Could you copy every line of the data that contains the word "where"?

- _Data shown_
--- --- ---

lemma abs_mdiff_mpow_le:
  assumes t: "0 < t" "t \<le> 1" and le: "\<And>i. \<alpha> i \<le> \<gamma> i" and "\<gamma> \<noteq> \<alpha>"
  shows "\<bar>mdiff (\<lambda>x. mpow x \<gamma>) \<alpha> t\<bar> \<le> t * (\<Prod>i\<in>UNIV. 2 ^ \<alpha> i * real (\<alpha> i) ^ \<gamma> i)"
proof -
  obtain i0 where "\<gamma> i0 \<noteq> \<alpha> i0"
    using \<open>\<gamma> \<noteq> \<alpha>\<close> by auto
  then have "1 \<le> \<gamma> i0 - \<alpha> i0"
    using le[of i0] by linarith
  also have "\<dots> \<le> (\<Sum>i\<in>UNIV. \<gamma> i - \<alpha> i)"
    by (rule member_le_sum) auto
  finally have order: "1 \<le> (\<Sum>i\<in>UNIV. \<gamma> i - \<alpha> i)" .
  have "t ^ \<gamma> i / t ^ \<alpha> i = t ^ (\<gamma> i - \<alpha> i)" for i
    using t le[of i] by (simp add: power_diff)
  then have "\<bar>mdiff (\<lambda>x. mpow x \<gamma>) \<alpha> t\<bar> = t ^ (\<Sum>i\<in>UNIV. \<gamma> i - \<alpha> i) * (\<Prod>i\<in>UNIV. \<bar>fdiff_pow (\<alpha> i) (\<gamma> i)\<bar>)"
    using t by (simp add: mdiff_mpow abs_prod abs_mult power_sum flip: prod.distrib)
  also have "\<dots> \<le> t * (\<Prod>i\<in>UNIV. 2 ^ \<alpha> i * real (\<alpha> i) ^ \<gamma> i)"
  proof (rule mult_mono)
    show "t ^ (\<Sum>i\<in>UNIV. \<gamma> i - \<alpha> i) \<le> t"
      using power_decreasing[OF order, of t] t by simp
    show "(\<Prod>i\<in>UNIV. \<bar>fdiff_pow (\<alpha> i) (\<gamma> i)\<bar>) \<le> (\<Prod>i\<in>UNIV. 2 ^ \<alpha> i * real (\<alpha> i) ^ \<gamma> i)"
      by (intro prod_mono conjI abs_fdiff_pow_le) auto
  qed (use t in \<open>auto intro: prod_nonneg\<close>)
  finally show ?thesis .
qed

definition mdiff_defect :: "real \<Rightarrow> ('n::finite \<Rightarrow> nat) \<Rightarrow> ('n \<Rightarrow> nat) \<Rightarrow> real" where
  "mdiff_defect t \<alpha> \<gamma> = (if \<gamma> = \<alpha> then mfact \<alpha> else 0) - mdiff (\<lambda>x. mpow x \<gamma>) \<alpha> t"

definition defect_majorant :: "('n::finite \<Rightarrow> nat) \<Rightarrow> ('n \<Rightarrow> nat) \<Rightarrow> real" where
  "defect_majorant \<alpha> \<gamma> = (\<Prod>i\<in>UNIV. 4 ^ \<alpha> i * real (\<alpha> i) ^ (2 * \<gamma> i) / fact (\<gamma> i))"

definition defect_majorant_sum :: "('n::finite \<Rightarrow> nat) \<Rightarrow> real" where
  "defect_majorant_sum \<alpha> = (\<Prod>i\<in>UNIV. 4 ^ \<alpha> i * exp ((real (\<alpha> i))\<^sup>2))"

lemma defect_majorant_nonneg: "0 \<le> defect_majorant \<alpha> \<gamma>"
  unfolding defect_majorant_def by (intro prod_nonneg) auto

lemma has_sum_defect_majorant: "(defect_majorant \<alpha> has_sum defect_majorant_sum \<alpha>) UNIV"
proof -
  have "((\<lambda>\<gamma>. \<Prod>i\<in>UNIV. 4 ^ \<alpha> i * (((real (\<alpha> i))\<^sup>2) ^ \<gamma> i / fact (\<gamma> i))) has_sum
          (\<Prod>i\<in>UNIV. 4 ^ \<alpha> i * exp ((real (\<alpha> i))\<^sup>2))) UNIV"
  proof (rule has_sum_prod_multi_index)
    fix i
    show "(\<lambda>k. norm (4 ^ \<alpha> i * (((real (\<alpha> i))\<^sup>2) ^ k / fact k))) summable_on UNIV"
      using summable_on_cmult_right[OF real_has_sum_imp_abs_summable[OF has_sum_exp[of "(real (\<alpha> i))\<^sup>2"]],
          of "4 ^ \<alpha> i"]
      by (simp add: abs_mult)
    show "((\<lambda>k. 4 ^ \<alpha> i * (((real (\<alpha> i))\<^sup>2) ^ k / fact k)) has_sum 4 ^ \<alpha> i * exp ((real (\<alpha> i))\<^sup>2)) UNIV"
      by (intro has_sum_cmult_right has_sum_exp)
  qed
  then show ?thesis
    unfolding defect_majorant_def defect_majorant_sum_def by (simp add: power_mult)
qed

--- --- ---

- _Exercise answer_
  obtain i0 where "\<gamma> i0 \<noteq> \<alpha> i0"
definition mdiff_defect :: "real \<Rightarrow> ('n::finite \<Rightarrow> nat) \<Rightarrow> ('n \<Rightarrow> nat) \<Rightarrow> real" where
definition defect_majorant :: "('n::finite \<Rightarrow> nat) \<Rightarrow> ('n \<Rightarrow> nat) \<Rightarrow> real" where
definition defect_majorant_sum :: "('n::finite \<Rightarrow> nat) \<Rightarrow> real" where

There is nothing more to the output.